Source data –

(* For real numbers $t_1,t_2,t_3$, let $$\rho^{(1)}_{AB}=\tfrac19\,\mathbb{1}_3\otimes\mathbb{1}_3+\tfrac14\big(t_1\,\lambda_1\otimes\lambda_1+t_2\,\lambda_2\otimes\lambda_2+t_3\,\lambda_3\otimes\lambda_3\big),$$ and assume $\rho^{(1)}_{AB}$ is positive semidefinite (a quantum state). Then $\rho^{(1)}_{AB}$ is separable if and only if $|t_1|+|t_2|+|t_3|\le\frac49$. Moreover, when $|t_1|+|t_2|+|t_3|\le\frac49$, a separable decomposition is obtained as follows. Choose real $\alpha_\mu,\beta_\mu$ with $\alpha_\mu\beta_\mu=t_\mu$ and $\sum_\mu\alpha_\mu^2\le\frac49$, $\sum_\mu\beta_\mu^2\le\frac49$. With the sign patterns $$\vec\epsilon^{(1)}=(1,-1,-1),\quad\vec\epsilon^{(2)}=(-1,-1,1),\quad\vec\epsilon^{(3)}=(-1,1,-1),\quad\vec\epsilon^{(4)}=(1,1,1),$$ one has $$\rho^{(1)}_{AB}=\sum_{i=1}^4\tfrac14\Big(\tfrac13\mathbb{1}+\tfrac12\sum_{\mu=1}^3\epsilon^{(i)}_\mu\alpha_\mu\lambda_\mu\Big)\otimes\Big(\tfrac13\mathbb{1}+\tfrac12\sum_{\mu=1}^3\epsilon^{(i)}_\mu\beta_\mu\lambda_\mu\Big),$$ where each factor is a density matrix.
   Context: With $\{|1\rangle,|2\rangle,|3\rangle\}$ the standard basis of $\mathbb{C}^3$, the Gell-Mann matrices used here are: - $\lambda_1=|1\rangle\langle2|+|2\rangle\langle1|$, - $\lambda_2=-i|1\rangle\langle2|+i|2\rangle\langle1|$, - $\lambda_3=|1\rangle\langle1|-|2\rangle\langle2|$. A state is separable if it is a convex combination of tensor products of density matrices. *)

theory Defs
  imports "HOL-Analysis.Analysis" "HOL-Library.Numeral_Type"
begin
lemma walk_along_spine:
  assumes "lo \<le> a" "a \<le> hi" "lo \<le> b" "b \<le> hi"
  shows "\<exists>xs. walk V E xs \<and> hd xs = spine_at a \<and> last xs = spine_at b \<and>
    length xs = Suc (nat \<bar>a - b\<bar>)"
proof (cases "a \<le> b")
  case True
  have "hd [a..b] = a" using True by (simp add: upto_rec1)
  moreover have "last [a..b] = b" using True by (simp add: upto_rec2)
  ultimately show ?thesis using walk_spine_upto[of a b] assms True
    by (intro exI[of _ "map spine_at [a..b]"]) (simp add: hd_map last_map)
next
  case False
  have "hd [b..a] = b" using False by (simp add: upto_rec1)
  moreover have "last [b..a] = a" using False by (simp add: upto_rec2)
  ultimately show ?thesis using walk_rev[OF walk_spine_upto[of b a] adj_sym] assms False
    by (intro exI[of _ "rev (map spine_at [b..a])"]) (simp add: hd_rev last_rev hd_map last_map)
qed

lemma walk_to_spine:
  assumes x: "x \<in> V" and "lo \<le> b" "b \<le> hi"
  shows "\<exists>xs. walk V E xs \<and> hd xs = x \<and> last xs = spine_at b \<and>
    length xs = Suc (nat \<bar>pos x - b\<bar> + dep x)"
proof -
  obtain S where S: "walk V E S" "hd S = spine_at (pos x)" "last S = spine_at b"
    "length S = Suc (nat \<bar>pos x - b\<bar>)"
    using walk_along_spine[of "pos x" b] vertex_bounds[OF x] assms by blast
  consider "dep x = 0" | "dep x = 1" using vertex_bounds[OF x] by linarith
  then show ?thesis
  proof cases
    case 1
    then show ?thesis using S spine_at_pos[OF x] by auto
  next
    case 2
    then have "walk V E ([x] @ S)"
      using S leaf_adj_iff[OF x] by (intro walk_append walk_singleton x) auto
    moreover have "S \<noteq> []" using S(1) by (simp add: walk_def)
    ultimately show ?thesis using S 2 by (intro exI[of _ "x # S"]) auto
  qed
qed

lemma walk_spine_dist:
  assumes x: "x \<in> V" and y: "y \<in> V" and "x \<noteq> y"
  shows "\<exists>xs. walk V E xs \<and> hd xs = x \<and> last xs = y \<and> length xs = Suc (spine_dist pos dep x y)"
proof -
  obtain L where L: "walk V E L" "hd L = x" "last L = spine_at (pos y)"
    "length L = Suc (nat \<bar>pos x - pos y\<bar> + dep x)"
    using walk_to_spine[OF x] vertex_bounds[OF y] by blast
  consider "dep y = 0" | "dep y = 1" using vertex_bounds[OF y] by linarith
  then show ?thesis
  proof cases
    case 1
    then show ?thesis using L spine_at_pos[OF y] \<open>x \<noteq> y\<close> by (auto simp: spine_dist_def)
  next
    case 2
    then have "walk V E (L @ [y])"
      using L leaf_adj_iff[OF y] adj_sym by (intro walk_append walk_singleton y) auto
    moreover have "L \<noteq> []" using L(1) by (simp add: walk_def)
    ultimately show ?thesis using L 2 \<open>x \<noteq> y\<close>
      by (intro exI[of _ "L @ [y]"]) (auto simp: spine_dist_def)
  qed
qed

lemma gdist_eq_spine_dist:
  assumes "x \<in> V" "y \<in> V" "x \<noteq> y"
  shows "gdist V E x y = enat (spine_dist pos dep x y)"
proof -
  obtain xs where xs: "walk V E xs" "hd xs = x" "last xs = y"
    "length xs = Suc (spine_dist pos dep x y)"
    using walk_spine_dist[OF assms] by blast
  show ?thesis
  proof (rule gdist_eq_potential[where D = "spine_dist pos dep x", OF _ _ xs])
    show "spine_dist pos dep x z \<le> spine_dist pos dep x w + 1" if "E w z" for w z
      using that unfolding spine_dist_def spine_adj_def by (auto split: if_splits)
  qed (simp add: spine_dist_def)
qed

lemma connected_graph: "connected_graph V E"
  unfolding connected_graph_def
proof (intro conjI ballI)
  show "V \<noteq> {}" using spine_at[of lo] lo_le_hi by auto
next
  fix u v assume "u \<in> V" "v \<in> V"
  then show "\<exists>xs. walk V E xs \<and> hd xs = u \<and> last xs = v"
    using walk_spine_dist[of u v] walk_singleton[of u V E] by (cases "u = v") auto
qed

text \<open>A leaf has only one neighbour, so a cycle runs on the spine; there its vertex of largest
  position would need two distinct neighbours, both at the position one below.\<close>

lemma no_cycle: "\<not> is_cycle V E xs"
proof
  assume cyc: "is_cycle V E xs"
  have inV: "set xs \<subseteq> V" and "xs \<noteq> []" using cyc unfolding is_cycle_def walk_def by auto
  have two_nbrs: "\<exists>v\<in>set xs. \<exists>w\<in>set xs. v \<noteq> w \<and> E u v \<and> E u w" if "u \<in> set xs" for u
    using cyc adj_sym that by (rule cycle_two_neighbours)
  have on_spine: "dep u = 0" if u: "u \<in> set xs" for u
  proof (rule ccontr)
    assume "dep u \<noteq> 0"
    moreover have uV: "u \<in> V" using inV u by blast
    ultimately have leaf: "dep u = 1" using vertex_bounds[of u] by linarith
    obtain v w where "v \<noteq> w" "E u v" "E u w" using two_nbrs[OF u] by blast
    then show False using leaf_adj_iff[OF uV leaf] by simp
  qed
  define m where "m = Max (pos ` set xs)"
  have "m \<in> pos ` set xs" unfolding m_def using \<open>xs \<noteq> []\<close> by (intro Max_in) auto
  then obtain u where u: "u \<in> set xs" "pos u = m" by blast
  have below: "pos v = m - 1" if "v \<in> set xs" "E u v" for v
  proof -
    have "pos v \<le> m" unfolding m_def using that(1) by simp
    moreover have "\<bar>pos u - pos v\<bar> = 1"
      using that(2) on_spine[OF u(1)] on_spine[OF that(1)] by (simp add: spine_adj_def)
    ultimately show ?thesis using u(2) by linarith
  qed
  obtain v w where vw: "v \<in> set xs" "w \<in> set xs" "v \<noteq> w" "E u v" "E u w"
    using two_nbrs[OF u(1)] by blast
  then have "pos v = pos w" "v \<in> V" "w \<in> V" using below inV by auto
  then show False using spine_unique on_spine vw(1-3) by blast
qed

lemma is_tree: "is_tree V E"
  unfolding is_tree_def using simple_graph connected_graph no_cycle by blast

lemma degree_leaf:
  assumes "x \<in> V" "dep x = 1"
  shows "degree E x = 1"
proof -
  have "{w. E x w} = {spine_at (pos x)}" using leaf_adj_iff[OF assms] by auto
  then show ?thesis by (simp add: degree_def)
qed

lemma degree_inner_spine:
  assumes "lo < a" "a < hi"
  shows "2 \<le> degree E (spine_at a)"
proof -
  have "{spine_at (a - 1), spine_at (a + 1)} \<subseteq> {w. E (spine_at a) w}"
    using assms adj_spine_at_iff by auto
  moreover have "finite {w. E (spine_at a) w}"
    using finite_V by (rule rev_finite_subset) (auto simp: spine_adj_def)
  moreover have "spine_at (a - 1) \<noteq> spine_at (a + 1)"
    using assms spine_at[of "a - 1"] spine_at[of "a + 1"] by auto
  ultimately show ?thesis unfolding degree_def by (metis card_2_iff card_mono)
qed

lemma caterpillar: "caterpillar V E"
  unfolding caterpillar_def
proof (intro conjI is_tree)
  define S where "S = {a. lo \<le> a \<and> a \<le> hi \<and> degree E (spine_at a) \<noteq> 1}"
  have nonleaves: "{v \<in> V. degree E v \<noteq> 1} = spine_at ` S"
  proof (intro equalityI subsetI)
    fix v assume v: "v \<in> {v \<in> V. degree E v \<noteq> 1}"
    then have "dep v = 0" using degree_leaf vertex_bounds[of v] by force
    then show "v \<in> spine_at ` S"
      using v vertex_bounds[of v] spine_at_pos unfolding S_def
      by (auto intro!: image_eqI[of _ _ "pos v"])
  qed (use spine_at in \<open>auto simp: S_def\<close>)
  have "{lo<..<hi} \<subseteq> S" "S \<subseteq> {lo..hi}"
    using degree_inner_spine unfolding S_def by force+
  then obtain a b where S: "S = {a..b}" using int_set_between_is_interval by blast
  then have ab: "lo \<le> a" "b \<le> hi" if "a \<le> b" using that \<open>S \<subseteq> {lo..hi}\<close> by auto
  show "induces_path E {v \<in> V. degree E v \<noteq> 1}"
    unfolding induces_path_def nonleaves S
  proof (intro exI[of _ "map spine_at [a..b]"] conjI allI impI)
    have "inj_on spine_at {a..b}"
      by (rule inj_onI) (metis ab atLeastAtMost_iff order_trans spine_at)
    then show "distinct (map spine_at [a..b])" by (simp add: distinct_map)
  next
    fix i j assume ij: "i < length (map spine_at [a..b])" "j < length (map spine_at [a..b])"
    then have "map spine_at [a..b] ! i = spine_at (a + int i)"
      "map spine_at [a..b] ! j = spine_at (a + int j)"
      by auto
    moreover have "E (spine_at (a + int i)) (spine_at (a + int j)) \<longleftrightarrow> \<bar>int i - int j\<bar> = 1"
    proof -
      have "a + int i \<le> b" "a + int j \<le> b" using ij by auto
      then show ?thesis using ab by (subst adj_spine_at_iff) auto
    qed
    ultimately show
      "E (map spine_at [a..b] ! i) (map spine_at [a..b] ! j) \<longleftrightarrow> (i = Suc j \<or> j = Suc i)"
      by auto
  qed simp
qed

end

lemma int_unit_steps_attain:
  fixes f :: "nat \<Rightarrow> int"
  assumes steps: "\<And>i. i < n \<Longrightarrow> f i \<le> f (Suc i) \<and> f (Suc i) \<le> f i + 1"
    and "f 0 \<le> c" "c < f n"
  shows "\<exists>i<n. f i = c \<and> f (Suc i) = f i + 1"
  using assms(2,3) steps
proof (induction n)
  case (Suc n)
  show ?case
  proof (cases "c < f n")
    case True
    then show ?thesis using Suc by (meson less_SucI)
  next
    case False
    then show ?thesis using Suc.prems by (intro exI[of _ n]) force
  qed
qed simp

lemma proper_distance_labeling_if_fibres_pairs:
  assumes "distance_labeling V E J f" "\<forall>k\<in>J. card {v\<in>V. f v = k} = 2"
  shows "proper_distance_labeling V E J f"
  unfolding proper_distance_labeling_def
proof (intro conjI assms(1) ballI)
  fix k assume "k \<in> J - {0}"
  then obtain u v where "{v\<in>V. f v = k} = {u, v}" "u \<noteq> v"
    using assms(2) by (meson DiffD1 card_2_iff)
  then show "\<exists>u\<in>V. \<exists>v\<in>V. u \<noteq> v \<and> f u = k \<and> f v = k" by blast
qed

locale gap_sequence =
  fixes t :: "nat \<Rightarrow> nat" and l :: nat
  assumes l_pos: "0 < l" and t_0: "t 0 = 1"
    and t_step: "\<And>i. Suc i < l \<Longrightarrow> t i < t (Suc i) \<and> t (Suc i) \<le> t i + 2"
begin

definition excess :: "nat \<Rightarrow> int" where
  "excess i = int (t i) - int i - 1"

definition double_step :: "nat \<Rightarrow> bool" where
  "double_step i \<longleftrightarrow> Suc i < l \<and> t (Suc i) = t i + 2"

lemma excess_Suc: "Suc i < l \<Longrightarrow> excess (Suc i) = excess i + (if double_step i then 1 else 0)"
  using t_step[of i] unfolding excess_def double_step_def by auto

lemma excess_mono: "i \<le> j \<Longrightarrow> j < l \<Longrightarrow> excess i \<le> excess j"
  by (rule lift_Suc_mono_le_ivl[where N = "{i. Suc i < l}"]) (auto simp: excess_Suc)

lemma excess_nonneg: "i < l \<Longrightarrow> 0 \<le> excess i"
  using excess_mono[of 0 i] t_0 by (simp add: excess_def)

lemma t_strict_mono: "i < j \<Longrightarrow> j < l \<Longrightarrow> t i < t j"
  using excess_mono[of i j] unfolding excess_def by linarith

lemma t_inj_on: "inj_on t {..<l}"
  by (rule inj_onI) (metis lessThan_iff linorder_neqE_nat t_strict_mono less_irrefl)

lemma excess_double_step_less: "double_step i \<Longrightarrow> i < j \<Longrightarrow> j < l \<Longrightarrow> excess i < excess j"
  using excess_Suc[of i] excess_mono[of "Suc i" j] unfolding double_step_def by simp

lemma excess_attained_at_double_step:
  assumes "0 \<le> c" "c < excess (l - 1)"
  shows "\<exists>i. double_step i \<and> excess i = c"
proof -
  have "excess 0 = 0" using t_0 by (simp add: excess_def)
  then obtain i where "i < l - 1" "excess i = c" "excess (Suc i) = excess i + 1"
    using int_unit_steps_attain[of "l - 1" excess c] assms excess_Suc by force
  then show ?thesis using excess_Suc[of i] by (intro exI[of _ i]) (auto split: if_splits)
qed

definition position :: "nat \<Rightarrow> int" where
  "position v =
     (if v < l then int v else - excess (v - l) - (if double_step (v - l) then 1 else 0))"

definition depth :: "nat \<Rightarrow> nat" where
  "depth v = (if v < l \<or> double_step (v - l) then 0 else 1)"

definition label :: "nat \<Rightarrow> nat" where
  "label v = t (v mod l)"

abbreviation "V \<equiv> {..<2 * l}"

lemma spine_caterpillar: "spine_caterpillar V position depth (- excess (l - 1)) (int l - 1)"
proof
  show "finite V" by simp
  show "- excess (l - 1) \<le> int l - 1" using excess_nonneg[of "l - 1"] l_pos by simp
next
  fix v assume v: "v \<in> V"
  show "depth v \<le> 1 \<and> - excess (l - 1) \<le> position v \<and> position v \<le> int l - 1"
  proof (cases "v < l")
    case True
    then show ?thesis using excess_nonneg[of "l - 1"] l_pos by (simp add: depth_def position_def)
  next
    case False
    then have i: "v - l < l" using v by simp
    have "excess (v - l) + (if double_step (v - l) then 1 else 0) \<le> excess (l - 1)"
      using excess_Suc[of "v - l"] excess_mono[of "Suc (v - l)" "l - 1"]
        excess_mono[of "v - l" "l - 1"] i
      by (auto simp: double_step_def)
    then show ?thesis using False excess_nonneg[OF i] l_pos by (auto simp: depth_def position_def)
  qed
next
  fix a assume a: "- excess (l - 1) \<le> a" "a \<le> int l - 1"
  show "\<exists>v\<in>V. depth v = 0 \<and> position v = a"
  proof (cases "0 \<le> a")
    case True
    then show ?thesis using a by (intro bexI[of _ "nat a"]) (auto simp: depth_def position_def)
  next
    case False
    then obtain i where i: "double_step i" "excess i = - a - 1"
      using excess_attained_at_double_step[of "- a - 1"] a by auto
    then have "i < l" by (simp add: double_step_def)
    then show ?thesis using i by (intro bexI[of _ "l + i"]) (auto simp: depth_def position_def)
  qed
next
  fix x y assume xy: "x \<in> V" "y \<in> V" "depth x = 0" "depth y = 0" "position x = position y"
  have twin: "double_step (v - l) \<and> position v < 0" if "v \<in> V" "\<not> v < l" "depth v = 0" for v
  proof -
    have "v - l < l" using that(1) by simp
    then show ?thesis
      using that excess_nonneg[of "v - l"] by (auto simp: depth_def position_def split: if_splits)
  qed
  have first: "0 \<le> position v" if "v < l" for v using that by (simp add: position_def)
  consider "x < l" "y < l" | "\<not> x < l" "\<not> y < l" | "x < l" "\<not> y < l" | "\<not> x < l" "y < l"
    by blast
  then show "x = y"
  proof cases
    case 1
    then show ?thesis using xy(5) by (simp add: position_def)
  next
    case 2
    then have "double_step (x - l)" "double_step (y - l)" "excess (x - l) = excess (y - l)"
      using twin xy by (auto simp: position_def)
    moreover have "x - l < l" "y - l < l" using xy(1,2) by auto
    ultimately have "x - l = y - l"
      using excess_double_step_less by (metis less_irrefl linorder_neqE_nat)
    then show ?thesis using 2 by simp
  next
    case 3
    then show ?thesis using first[of x] twin[OF xy(2) _ xy(4)] xy(5) by simp
  next
    case 4
    then show ?thesis using first[of y] twin[OF xy(1) _ xy(3)] xy(5) by simp
  qed
qed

Work required – Only the lines above from the line with "using that unfolding" to the line with "fix u v assume", those two lines included, should be reproduced exactly.

Response for this exercise –
      using that unfolding spine_dist_def spine_adj_def by (auto split: if_splits)
  qed (simp add: spine_dist_def)
qed

lemma connected_graph: "connected_graph V E"
  unfolding connected_graph_def
proof (intro conjI ballI)
  show "V \<noteq> {}" using spine_at[of lo] lo_le_hi by auto
next
  fix u v assume "u \<in> V" "v \<in> V"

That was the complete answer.